Apple: “AI Can’t Think” — Are They Wrong?

Overview of Apple's Paper 00:00

  • Apple released a paper titled "The Illusion of Thinking," arguing that large language models (LLMs) do not truly think and are not significantly superior to traditional models.
  • The paper claims issues like data contamination in model training, suggesting that models may be "cheating" to achieve benchmark results.
  • Apple posits that these models lack generalization ability, which is critical for reasoning tasks.

Key Assertions of the Paper 01:08

  • The paper questions the true capabilities of reasoning models, suggesting they are overestimated.
  • Current evaluations focus on mathematical and coding benchmarks but suffer from contamination issues, failing to assess the reasoning quality.
  • Apple proposes a new benchmark based on puzzles of varying difficulty to better evaluate reasoning capabilities.

Proposed Puzzle Benchmark 05:55

  • Four puzzles are introduced: Tower of Hanoi, Checkers Jumping, River Crossing, and Blocks World, which allow controlled complexity adjustments.
  • The puzzles aim to avoid data contamination and emphasize algorithmic reasoning.

Experimental Findings 08:05

  • Apple finds that while LLMs perform well on simple tasks, both thinking and non-thinking models struggle with more complex puzzles.
  • Performance gaps between thinking models and non-thinking models diminish when both are given equivalent inference budgets.
  • Non-thinking models can match thinking models' performance by generating multiple candidate solutions.

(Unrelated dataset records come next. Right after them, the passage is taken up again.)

(* Assume $\alpha=\beta\ge2$ and let $(U,V,\Lambda)$ be the similarity profile. Then for every $\tau\ge0$ and all measurable $\rho,\zeta:\mathbb R\to(0,\infty)$ for which $\mathcal I_\Lambda(\rho,\zeta)$ is finite, $$\mathcal I_\Lambda(\rho,\zeta)-e^\tau\mathcal D_{\mathrm{react}}(\rho,\zeta)\le K_2\,e^{-\tau/(\alpha-1)},\qquad K_2:=\frac{\tilde c_\alpha}{k^{1/(\alpha-1)}}\int_{\mathbb R}\Big|\frac{\alpha\Lambda(y)}{U(y)}\Big|^{\alpha/(\alpha-1)}\mathrm dy,$$ with $\tilde c_\alpha=\big(\tfrac{2}{\alpha^2}\big)^{1/(\alpha-1)}\tfrac{\alpha-1}{\alpha}$.
   Context: Fix $d_1,d_2,k>0$, real stoichiometric coefficients $\alpha,\beta\ge1$ and $A_-,A_+>0$. The similarity profile is a triple $(U,V,\Lambda)$ with $U,V\in\mathrm C^2(\mathbb R)$ positive, bounded and bounded away from $0$, $\Lambda:\mathbb R\to\mathbb R$, satisfying $d_1U''+\tfrac y2U'+\alpha\Lambda=0$, $d_2V''+\tfrac y2V'-\beta\Lambda=0$, $U^\alpha=V^\beta$ on $\mathbb R$, and $U(\pm\infty)=A_\pm^\beta$, $V(\pm\infty)=A_\pm^\alpha$. $\Gamma(a,b)=(a-b)(\log a-\log b)$ for $a,b>0$, $\Gamma(0,0)=0$, $\Gamma(0,c)=\Gamma(c,0)=\infty$ for $c>0$. Reactive dissipation $\mathcal D_{\mathrm{react}}(\rho,\zeta)=\int_{\mathbb R}kU^\alpha\,\Gamma(\rho^\alpha,\zeta^\beta)\,\mathrm dy$. Mixed term $\mathcal I_\Lambda(\rho,\zeta)=\int_{\mathbb R}\big((1-\rho)\alpha-(1-\zeta)\beta\big)\Lambda\,\mathrm dy$. *)

theory Defs
  imports "HOL-Analysis.Analysis"
begin

definition C2 :: "(real \<Rightarrow> real) \<Rightarrow> bool" where
  "C2 f \<longleftrightarrow> (\<exists>f' f''. (\<forall>y. (f has_real_derivative f' y) (at y)) \<and>
      (\<forall>y. (f' has_real_derivative f'' y) (at y)) \<and> continuous_on UNIV f'')"

definition similarity_profile ::
  "real \<Rightarrow> real \<Rightarrow> real \<Rightarrow> real \<Rightarrow> real \<Rightarrow> real \<Rightarrow>
   (real \<Rightarrow> real) \<Rightarrow> (real \<Rightarrow> real) \<Rightarrow> (real \<Rightarrow> real) \<Rightarrow> bool" where
  "similarity_profile d1 d2 \<alpha> \<beta> Am Ap U V \<Lambda> \<longleftrightarrow>
     C2 U \<and> C2 V \<and>
     (\<forall>y. U y > 0 \<and> V y > 0) \<and>
     bounded (range U) \<and> bounded (range V) \<and>
     (\<exists>c>0. \<forall>y. c \<le> U y \<and> c \<le> V y) \<and>
     (\<forall>y. d1 * deriv (deriv U) y + y / 2 * deriv U y + \<alpha> * \<Lambda> y = 0) \<and>
     (\<forall>y. d2 * deriv (deriv V) y + y / 2 * deriv V y - \<beta> * \<Lambda> y = 0) \<and>
     (\<forall>y. U y powr \<alpha> = V y powr \<beta>) \<and>
     (U \<longlongrightarrow> Ap powr \<beta>) at_top \<and> (U \<longlongrightarrow> Am powr \<beta>) at_bot \<and>
     (V \<longlongrightarrow> Ap powr \<alpha>) at_top \<and> (V \<longlongrightarrow> Am powr \<alpha>) at_bot"

text \<open>Gamma(a,b) = (a-b)(log a - log b), extended by Gamma(0,0)=0 and infinity otherwise
  (values for negative arguments are irrelevant here and set to infinity).\<close>
definition Gam :: "real \<Rightarrow> real \<Rightarrow> ennreal" where
  "Gam a b = (if a > 0 \<and> b > 0 then ennreal ((a - b) * (ln a - ln b))
              else if a = 0 \<and> b = 0 then 0 else \<infinity>)"

definition D_react ::
  "real \<Rightarrow> real \<Rightarrow> real \<Rightarrow> (real \<Rightarrow> real) \<Rightarrow> (real \<Rightarrow> real) \<Rightarrow> (real \<Rightarrow> real) \<Rightarrow> ennreal" where
  "D_react k \<alpha> \<beta> U \<rho> \<zeta> =
     (\<integral>\<^sup>+ y. ennreal (k * U y powr \<alpha>) * Gam (\<rho> y powr \<alpha>) (\<zeta> y powr \<beta>) \<partial>lborel)"

definition I_Lambda_integrand ::
  "real \<Rightarrow> real \<Rightarrow> (real \<Rightarrow> real) \<Rightarrow> (real \<Rightarrow> real) \<Rightarrow> (real \<Rightarrow> real) \<Rightarrow> real \<Rightarrow> real" where
  "I_Lambda_integrand \<alpha> \<beta> \<Lambda> \<rho> \<zeta> y = ((1 - \<rho> y) * \<alpha> - (1 - \<zeta> y) * \<beta>) * \<Lambda> y"

definition I_Lambda ::
  "real \<Rightarrow> real \<Rightarrow> (real \<Rightarrow> real) \<Rightarrow> (real \<Rightarrow> real) \<Rightarrow> (real \<Rightarrow> real) \<Rightarrow> real" where
  "I_Lambda \<alpha> \<beta> \<Lambda> \<rho> \<zeta> = (\<integral>y. I_Lambda_integrand \<alpha> \<beta> \<Lambda> \<rho> \<zeta> y \<partial>lborel)"

definition c_tilde :: "real \<Rightarrow> real" where
  "c_tilde \<alpha> = (2 / \<alpha>\<^sup>2) powr (1 / (\<alpha> - 1)) * ((\<alpha> - 1) / \<alpha>)"

definition K2 :: "real \<Rightarrow> real \<Rightarrow> (real \<Rightarrow> real) \<Rightarrow> (real \<Rightarrow> real) \<Rightarrow> ennreal" where
  "K2 k \<alpha> U \<Lambda> = ennreal (c_tilde \<alpha> / k powr (1 / (\<alpha> - 1))) *
     (\<integral>\<^sup>+ y. ennreal (\<bar>\<alpha> * \<Lambda> y / U y\<bar> powr (\<alpha> / (\<alpha> - 1))) \<partial>lborel)"

end

theory Submission
  imports Defs
begin

text \<open>Pointwise, the mixed integrand is \<open>\<alpha> (\<zeta> - \<rho>) \<Lambda>\<close>. Young's inequality with exponents
  \<open>\<alpha>\<close> and \<open>\<alpha>/(\<alpha>-1)\<close> splits it into \<open>exp \<tau> k U^\<alpha> \<alpha> |\<rho> - \<zeta>|^\<alpha>\<close> plus a remainder
  \<open>c_tilde \<alpha> k^(-1/(\<alpha>-1)) exp(-\<tau>/(\<alpha>-1)) |\<alpha> \<Lambda> / U|^(\<alpha>/(\<alpha>-1))\<close>, and the elementary inequality
  \<open>|a - b|^\<alpha> \<le> (a^\<alpha> - b^\<alpha>) (ln a - ln b)\<close> for \<open>\<alpha> \<ge> 2\<close> bounds the first term by the reactive
  dissipation density \<open>exp \<tau> k U^\<alpha> \<Gamma>(\<rho>^\<alpha>, \<zeta>^\<alpha>)\<close>.\<close>

lemma powr_diff_mult_ln_diff_ge:
  fixes a b \<alpha> :: real
  assumes "0 < b" "b \<le> a" "2 \<le> \<alpha>"
  shows "(a - b) powr \<alpha> \<le> (a powr \<alpha> - b powr \<alpha>) * (ln a - ln b)"
proof -
  have "0 < a" using assms by linarith
  have "b powr \<alpha> = b * b powr (\<alpha> - 1)"
    using assms by (simp add: powr_mult_base)
  also have "\<dots> \<le> b * a powr (\<alpha> - 1)"
    using assms by (intro mult_left_mono powr_mono2) auto
  finally have "b powr \<alpha> \<le> b * a powr (\<alpha> - 1)" .
  then have pow: "a powr (\<alpha> - 1) * (a - b) \<le> a powr \<alpha> - b powr \<alpha>"
    using \<open>0 < a\<close> by (simp add: powr_mult_base algebra_simps)
  have "ln (b / a) \<le> b / a - 1"
    using assms \<open>0 < a\<close> by (intro ln_le_minus_one) auto
  then have log: "(a - b) / a \<le> ln a - ln b"
    using assms \<open>0 < a\<close> by (simp add: ln_div diff_divide_distrib)
  have "(a - b) powr \<alpha> = (a - b) powr (\<alpha> - 2) * (a - b)\<^sup>2"
    using assms powr_add[of "a - b" "\<alpha> - 2" 2] by (cases "a = b") simp_all
  also have "\<dots> \<le> a powr (\<alpha> - 2) * (a - b)\<^sup>2"
    using assms by (intro mult_right_mono powr_mono2) auto
  also have "\<dots> = (a powr (\<alpha> - 1) * (a - b)) * ((a - b) / a)"
  proof -
    have "a powr (\<alpha> - 1) = a * a powr (\<alpha> - 2)"
      using \<open>0 < a\<close> powr_mult_base[of a "\<alpha> - 2"] by simp
    then show ?thesis using \<open>0 < a\<close> by (simp add: power2_eq_square field_simps)
  qed
  also have "\<dots> \<le> (a powr \<alpha> - b powr \<alpha>) * (ln a - ln b)"
    using pow log assms powr_mono2[of \<alpha> b a] by (intro mult_mono) auto
  finally show ?thesis .
qed

lemma abs_diff_powr_le_powr_diff_mult_ln_diff:
  fixes a b \<alpha> :: real
  assumes "0 < a" "0 < b" "2 \<le> \<alpha>"
  shows "\<bar>a - b\<bar> powr \<alpha> \<le> (a powr \<alpha> - b powr \<alpha>) * (ln a - ln b)"
  using powr_diff_mult_ln_diff_ge[of b a \<alpha>] powr_diff_mult_ln_diff_ge[of a b \<alpha>] assms
  by (cases "b \<le> a") (auto simp: algebra_simps abs_if)

lemma diff_mult_ln_diff_nonneg:
  fixes a b :: real
  assumes "0 < a" "0 < b"
  shows "0 \<le> (a - b) * (ln a - ln b)"
  using assms by (cases "a \<le> b") (auto intro: mult_nonpos_nonpos mult_nonneg_nonneg)

lemma Youngs_inequality_eps:
  fixes p \<epsilon> t A :: real
  assumes "1 < p" "0 < \<epsilon>" "0 \<le> t" "0 \<le> A"
  shows "t * A \<le> \<epsilon> * t powr p + (p - 1) / p * (p * \<epsilon>) powr (- 1 / (p - 1)) * A powr (p / (p - 1))"
proof -
  define s where "s = (p * \<epsilon>) powr (1 / p)"
  have "0 < s" using assms by (simp add: s_def)
  have "(t * s) * (A / s) \<le> (t * s) powr p / p + (A / s) powr (p / (p - 1)) / (p / (p - 1))"
    using assms \<open>0 < s\<close> by (intro Youngs_inequality) (auto simp: field_simps)
  also have "(t * s) powr p / p = \<epsilon> * t powr p"
    using assms by (simp add: s_def powr_mult powr_powr)
  also have "(A / s) powr (p / (p - 1)) / (p / (p - 1))
      = (p - 1) / p * (p * \<epsilon>) powr (- 1 / (p - 1)) * A powr (p / (p - 1))"
    using assms by (simp add: s_def powr_divide powr_powr powr_minus_divide mult_ac)
  finally show ?thesis using \<open>0 < s\<close> by simp
qed

text \<open>The factor \<open>2\<close> in \<open>c_tilde\<close> is slack: Young's constant only needs \<open>(1/\<alpha>\<^sup>2) powr (1/(\<alpha>-1))\<close>.\<close>

lemma Young_constant_le_c_tilde:
  fixes \<alpha> k u A \<tau> :: real
  assumes "2 \<le> \<alpha>" "0 < k" "0 < u" "0 \<le> A"
  shows "(\<alpha> - 1) / \<alpha> * (\<alpha> * (\<alpha> * (exp \<tau> * k * u powr \<alpha>))) powr (- 1 / (\<alpha> - 1)) * A powr (\<alpha> / (\<alpha> - 1))
    \<le> c_tilde \<alpha> / k powr (1 / (\<alpha> - 1)) * exp (- \<tau> / (\<alpha> - 1)) * (A / u) powr (\<alpha> / (\<alpha> - 1))"
proof -
  define e where "e = 1 / (\<alpha> - 1)"
  define X where "X = exp (- \<tau> / (\<alpha> - 1)) / k powr e * (A / u) powr (\<alpha> / (\<alpha> - 1))"
  have "0 \<le> X" by (simp add: X_def)
  have "(\<alpha> * (\<alpha> * (exp \<tau> * k * u powr \<alpha>))) powr (- 1 / (\<alpha> - 1)) * A powr (\<alpha> / (\<alpha> - 1))
      = (1 / \<alpha>\<^sup>2) powr e * X"
    using assms
    by (simp add: X_def e_def powr_mult powr_divide powr_powr powr_minus_divide exp_powr_real
        exp_minus power2_eq_square field_simps)
  also have "\<dots> \<le> (2 / \<alpha>\<^sup>2) powr e * X"
    using assms \<open>0 \<le> X\<close> by (intro mult_right_mono powr_mono2) (auto simp: e_def divide_simps)
  finally have "(\<alpha> - 1) / \<alpha> * ((\<alpha> * (\<alpha> * (exp \<tau> * k * u powr \<alpha>))) powr (- 1 / (\<alpha> - 1)) * A powr (\<alpha> / (\<alpha> - 1)))
      \<le> (\<alpha> - 1) / \<alpha> * ((2 / \<alpha>\<^sup>2) powr e * X)"
    using assms by (intro mult_left_mono) auto
  then show ?thesis
    by (simp add: c_tilde_def X_def e_def mult_ac)
qed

Limitations of Current Models 19:11

  • Despite sophisticated self-reflection, models fail to generalize reasoning beyond certain complexity levels.
  • The paper notes that their tests represent a narrow slice of reasoning tasks, potentially overlooking broader intelligence aspects.
  • The discussion raises questions about the models' abilities to write code for problem-solving, a skill that could reflect true reasoning capabilities.

Conclusion and Reflection 20:09

  • The findings suggest significant limitations in current reasoning models, yet the models still demonstrate intelligence in other domains like code generation.
  • The paper does not address the models' ability to use code to solve puzzles, which could represent a different form of reasoning.
  • The presenter invites viewers to consider whether coding solutions should be credited as a valid form of intelligence.